## Activity
Only the number is wanted: tally the lines below that contain the word "ccontr".

## Records shown

(* Let $G$ be a finite group and $p$ a prime such that $G$ has no redundant Sylow $p$-subgroup. Then $|G_p|\geq \nu_p(G)$.
   Context: For a finite group $G$ and a prime $p$, $G_p$ denotes the set of $p$-elements of $G$, $\mathrm{Syl}_p(G)$ the set of Sylow $p$-subgroups of $G$, and $\nu_p(G)=|\mathrm{Syl}_p(G)|$. $G$ is said to have a redundant Sylow $p$-subgroup if $G_p$ is contained in the union of the members of some proper subset of $\mathrm{Syl}_p(G)$. *)

theory Defs
  imports "HOL-Algebra.Algebra"
begin

definition p_elements :: "('a, 'b) monoid_scheme \<Rightarrow> nat \<Rightarrow> 'a set" where
  "p_elements G p = {x \<in> carrier G. \<exists>k::nat. group.ord G x = p ^ k}"

definition Syl :: "('a, 'b) monoid_scheme \<Rightarrow> nat \<Rightarrow> 'a set set" where
  "Syl G p = {P. subgroup P G \<and> card P = p ^ multiplicity p (order G)}"

definition nu :: "('a, 'b) monoid_scheme \<Rightarrow> nat \<Rightarrow> nat" where
  "nu G p = card (Syl G p)"

definition has_redundant_Sylow :: "('a, 'b) monoid_scheme \<Rightarrow> nat \<Rightarrow> bool" where
  "has_redundant_Sylow G p \<longleftrightarrow> (\<exists>S. S \<subset> Syl G p \<and> p_elements G p \<subseteq> \<Union>S)"

end

theory Submission
  imports Defs
begin

(* Every p-element x lies in a Sylow p-subgroup: the p-group generated by x acts on the left
   cosets of a Sylow subgroup P, whose number is prime to p, so it fixes some coset gP, and then
   x lies in the conjugate gPg^-1.  Thus Syl_p(G) covers G_p.  If no Sylow subgroup is redundant
   in this cover, each P contains a p-element lying in no other Sylow subgroup, which gives an
   injection from Syl_p(G) into G_p. *)

lemma irredundant_cover_card_le:
  assumes "finite E" and cover: "E \<subseteq> \<Union>S"
    and irredundant: "\<And>S'. S' \<subset> S \<Longrightarrow> \<not> E \<subseteq> \<Union>S'"
  shows "card S \<le> card E"
proof -
  have "\<exists>x. x \<in> E - \<Union>(S - {A})" if "A \<in> S" for A
  proof -
    from that have "S - {A} \<subset> S" by auto
    then have "\<not> E \<subseteq> \<Union>(S - {A})" by (rule irredundant)
    then show ?thesis by blast
  qed
  then obtain c where c: "\<And>A. A \<in> S \<Longrightarrow> c A \<in> E - \<Union>(S - {A})"
    by metis
  have c_mem: "c A \<in> A" if "A \<in> S" for A
    using c[OF that] cover by blast
  have "inj_on c S"
  proof (rule inj_onI)
    fix A B assume A: "A \<in> S" and B: "B \<in> S" and eq: "c A = c B"
    show "A = B"
    proof (rule ccontr)
      assume "A \<noteq> B"
      with B have "B \<in> S - {A}" by blast
      moreover have "c A \<in> B" using c_mem[OF B] eq by simp
      ultimately show False using c[OF A] by blast
    qed
  qed
  moreover have "c ` S \<subseteq> E" using c by blast
  ultimately show ?thesis
    using card_inj_on_le \<open>finite E\<close> by blast
qed

lemma (in group) group_actionI:
  assumes closed: "\<And>g x. g \<in> carrier G \<Longrightarrow> x \<in> E \<Longrightarrow> \<phi> g x \<in> E"
    and one: "\<And>x. x \<in> E \<Longrightarrow> \<phi> \<one> x = x"
    and mult: "\<And>g h x. g \<in> carrier G \<Longrightarrow> h \<in> carrier G \<Longrightarrow> x \<in> E \<Longrightarrow>
                 \<phi> (g \<otimes> h) x = \<phi> g (\<phi> h x)"
    and ext: "\<And>g. g \<in> carrier G \<Longrightarrow> \<phi> g \<in> extensional E"
  shows "group_action G E \<phi>"
proof -
  have bij: "bij_betw (\<phi> g) E E" if g: "g \<in> carrier G" for g
  proof (rule bij_betw_byWitness[where f' = "\<phi> (inv g)"])
    show "\<forall>x\<in>E. \<phi> (inv g) (\<phi> g x) = x" "\<forall>x\<in>E. \<phi> g (\<phi> (inv g) x) = x"
      using g by (simp_all flip: mult add: one)
  qed (use g closed in auto)
  have "\<phi> \<in> hom G (BijGroup E)"
  proof (rule homI)
    show "\<phi> g \<in> carrier (BijGroup E)" if "g \<in> carrier G" for g
      using bij ext that by (simp add: BijGroup_def Bij_def)
    show "\<phi> (g \<otimes> h) = \<phi> g \<otimes>\<^bsub>BijGroup E\<^esub> \<phi> h"
      if "g \<in> carrier G" "h \<in> carrier G" for g h
      using that bij ext
      by (intro extensionalityI[where A = E]) (auto simp: BijGroup_def Bij_def compose_def mult)
  qed
  then show ?thesis
    by (simp add: group_action_def group_hom_def group_hom_axioms_def is_group group_BijGroup)
qed

lemma (in group) action_on_lcosets:
  assumes "subgroup P G"
  shows "group_action G (lcosets P) (\<lambda>g. \<lambda>C \<in> lcosets P. g <# C)"
proof (rule group_actionI)
  have P: "P \<subseteq> carrier G"
    using assms subgroup.subset by blast
  have sub: "C \<subseteq> carrier G" if "C \<in> lcosets P" for C
    using that lcosets_subset_PowG[OF assms] by blast
  have closed: "g <# C \<in> lcosets P"
    if g: "g \<in> carrier G" and C: "C \<in> lcosets P" for g C
  proof -
    obtain x where x: "x \<in> carrier G" "C = x <# P"
      using C unfolding LCOSETS_def by blast
    then have "g <# C = (g \<otimes> x) <# P"
      using g P by (simp add: lcos_m_assoc)
    then show ?thesis
      using x(1) g unfolding LCOSETS_def by blast
  qed
  then show "(\<lambda>C \<in> lcosets P. g <# C) C \<in> lcosets P"
    if "g \<in> carrier G" "C \<in> lcosets P" for g C
    using that by simp
  show "(\<lambda>C \<in> lcosets P. \<one> <# C) C = C" if "C \<in> lcosets P" for C
    using that sub by (simp add: lcos_mult_one)
  show "(\<lambda>C \<in> lcosets P. (g \<otimes> h) <# C) C
        = (\<lambda>C \<in> lcosets P. g <# C) ((\<lambda>C \<in> lcosets P. h <# C) C)"
    if "g \<in> carrier G" "h \<in> carrier G" "C \<in> lcosets P" for g h C
    using that closed[of h C] sub[of C] by (simp add: lcos_m_assoc)
qed simp

lemma (in group_action) p_group_fixed_point:
  assumes "finite E" and p: "Factorial_Ring.prime p" and order: "order G = p ^ k"
    and "\<not> p dvd card E"
  obtains x where "x \<in> E" "\<And>g. g \<in> carrier G \<Longrightarrow> \<phi> g x = x"
proof (rule ccontr)
  assume "\<not> thesis"
  then have moved: "\<forall>x\<in>E. \<exists>g\<in>carrier G. \<phi> g x \<noteq> x"
    using that by blast
  have "p dvd card Orb" if Orb: "Orb \<in> orbits G E \<phi>" for Orb
  proof -
    obtain x where x: "x \<in> E" "Orb = orbit G \<phi> x"
      using Orb unfolding orbits_def by blast
    have "card Orb dvd p ^ k"
      using orbit_stabilizer_theorem[OF x(1)] order x(2) by (metis dvd_triv_left)
    then obtain j where j: "card Orb = p ^ j"
      using divides_primepow_nat[OF p] by blast
    have "j \<noteq> 0"
    proof
      assume "j = 0"
      then have "Orb = {x}"
        using j x orbit_refl by (metis card_1_singletonE power_0 singletonD)
      then show False
        using moved x unfolding orbit_def by blast
    qed
    then show "p dvd card Orb" using j by simp
  qed
  then have "p dvd (\<Sum>Orb\<in>orbits G E \<phi>. card Orb)"
    by (rule dvd_sum)
  also have "(\<Sum>Orb\<in>orbits G E \<phi>. card Orb) = card E"
    using disjoint_sum[OF \<open>finite E\<close>, of "\<lambda>_. 1 :: nat"] by (simp flip: card_eq_sum)
  finally show False using \<open>\<not> p dvd card E\<close> by contradiction
qed

lemma (in group) exists_Sylow:
  assumes "finite (carrier G)" and "Factorial_Ring.prime p"
  obtains P where "P \<in> Syl G p"
proof -
  let ?a = "multiplicity p (order G)"
  have "order G = p ^ ?a * (order G div p ^ ?a)"
    by (metis multiplicity_dvd dvd_mult_div_cancel)
  then show thesis
    using sylow_thm[OF assms(2) is_group _ assms(1)] that unfolding Syl_def by blast
qed

lemma (in group) Sylow_index_not_dvd:
  assumes "finite (carrier G)" and "Factorial_Ring.prime p" and "P \<in> Syl G p"
  shows "\<not> p dvd card (lcosets P)"
proof
  let ?a = "multiplicity p (order G)"
  assume "p dvd card (lcosets P)"
  then have "p * p ^ ?a dvd card (lcosets P) * card P"
    using assms(3) unfolding Syl_def by simp
  also have "card (lcosets P) * card P = order G"
    using l_lagrange[OF assms(1)] assms(3) unfolding Syl_def by blast
  finally have "p ^ Suc ?a dvd order G"
    by simp
  moreover have "order G \<noteq> 0"
    using assms(1) order_gt_0_iff_finite by simp
  ultimately have "Suc ?a \<le> ?a"
    using power_dvd_iff_le_multiplicity not_prime_unit assms(2) by blast
  then show False by simp
qed

lemma (in group) conjugate_Sylow:
  assumes "P \<in> Syl G p" and g: "g \<in> carrier G"
  shows "g <# P #> inv g \<in> Syl G p"
proof -
  have P: "subgroup P G" "P \<subseteq> carrier G"
    using assms(1) subgroup.subset unfolding Syl_def by auto
  have "subgroup (g <# P #> inv g) G"
    using subgroup_conjugation_is_surj1[of "inv g" P] P g by simp
  moreover have "g <# P #> inv g = (\<lambda>h. g \<otimes> h \<otimes> inv g) ` P"
    by (auto simp: l_coset_def r_coset_def)
  moreover have "inj_on (\<lambda>h. g \<otimes> h \<otimes> inv g) P"
    by (rule inj_onI) (use conjugation_is_inj g P(2) in blast)
  ultimately show ?thesis
    using assms(1) unfolding Syl_def by (simp add: card_image)
qed

lemma (in group) p_subgroup_subset_Sylow:
  assumes fin: "finite (carrier G)" and p: "Factorial_Ring.prime p"
    and H: "subgroup H G" "card H = p ^ k"
  obtains Q where "Q \<in> Syl G p" "H \<subseteq> Q"
proof -
  obtain P where P: "P \<in> Syl G p"
    using exists_Sylow fin p by blast
  then have subP: "subgroup P G" and PG: "P \<subseteq> carrier G"
    unfolding Syl_def using subgroup.subset by auto
  interpret H_on_cosets:
    group_action "G\<lparr>carrier := H\<rparr>" "lcosets P" "\<lambda>g. \<lambda>C \<in> lcosets P. g <# C"
    using group_action.induced_action[OF action_on_lcosets[OF subP] H(1)] .
  have "finite (lcosets P)"
    by (rule finite_subset[OF lcosets_subset_PowG[OF subP]]) (simp add: fin)
  moreover have "order (G\<lparr>carrier := H\<rparr>) = p ^ k"
    using H(2) by (simp add: order_def)
  ultimately obtain C where C: "C \<in> lcosets P"
    and fixed: "\<And>h. h \<in> H \<Longrightarrow> (\<lambda>C \<in> lcosets P. h <# C) C = C"
    using H_on_cosets.p_group_fixed_point[OF _ p _ Sylow_index_not_dvd[OF fin p P]] by auto
  then obtain g where g: "g \<in> carrier G" "C = g <# P"
    unfolding LCOSETS_def by blast
  have "H \<subseteq> g <# P #> inv g"
  proof
    fix h assume h: "h \<in> H"
    then have hG: "h \<in> carrier G"
      using subgroup.mem_carrier[OF H(1)] by blast
    have "g \<in> C"
      using lcos_self[OF g(1) subP] g(2) by simp
    then have "h \<otimes> g \<in> h <# C"
      by (auto simp: l_coset_def)
    then have "h \<otimes> g \<in> g <# P"
      using fixed[OF h] C g(2) by simp
    then obtain q where q: "q \<in> P" "h \<otimes> g = g \<otimes> q"
      unfolding l_coset_def by blast
    then have "h = g \<otimes> q \<otimes> inv g"
      using hG g(1) PG by (metis inv_solve_right m_closed subsetD)
    then show "h \<in> g <# P #> inv g"
      using q(1) unfolding l_coset_def r_coset_def by blast
  qed
  then show thesis
    by (rule that[OF conjugate_Sylow[OF P g(1)]])
qed

lemma (in group) p_elements_subset_Union_Syl:
  assumes "finite (carrier G)" and "Factorial_Ring.prime p"
  shows "p_elements G p \<subseteq> \<Union>(Syl G p)"
proof
  fix x assume "x \<in> p_elements G p"
  then obtain k where x: "x \<in> carrier G" "ord x = p ^ k"
    unfolding p_elements_def by blast
  have "subgroup (generate G {x}) G" "card (generate G {x}) = p ^ k"
    using generate_is_subgroup generate_pow_card x by auto
  then obtain Q where "Q \<in> Syl G p" "generate G {x} \<subseteq> Q"
    by (rule p_subgroup_subset_Sylow[OF assms])
  moreover have "x \<in> generate G {x}"
    by (rule generate.incl) simp
  ultimately show "x \<in> \<Union>(Syl G p)" by blast
qed

theorem corollary2p7:
  fixes G :: "('a, 'b) monoid_scheme" and p :: nat
  assumes "group G" and "finite (carrier G)" and "Factorial_Ring.prime p"
    and "\<not> has_redundant_Sylow G p"
  shows "card (p_elements G p) \<ge> nu G p"
proof -
  interpret group G by fact
  have "finite (p_elements G p)"
    using assms(2) unfolding p_elements_def by simp
  moreover have "p_elements G p \<subseteq> \<Union>(Syl G p)"
    using p_elements_subset_Union_Syl assms(2,3) .
  moreover have "\<not> p_elements G p \<subseteq> \<Union>S" if "S \<subset> Syl G p" for S
    using assms(4) that unfolding has_redundant_Sylow_def by blast
  ultimately show ?thesis
    unfolding nu_def by (rule irredundant_cover_card_le)
qed

end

## Solution for this problem
2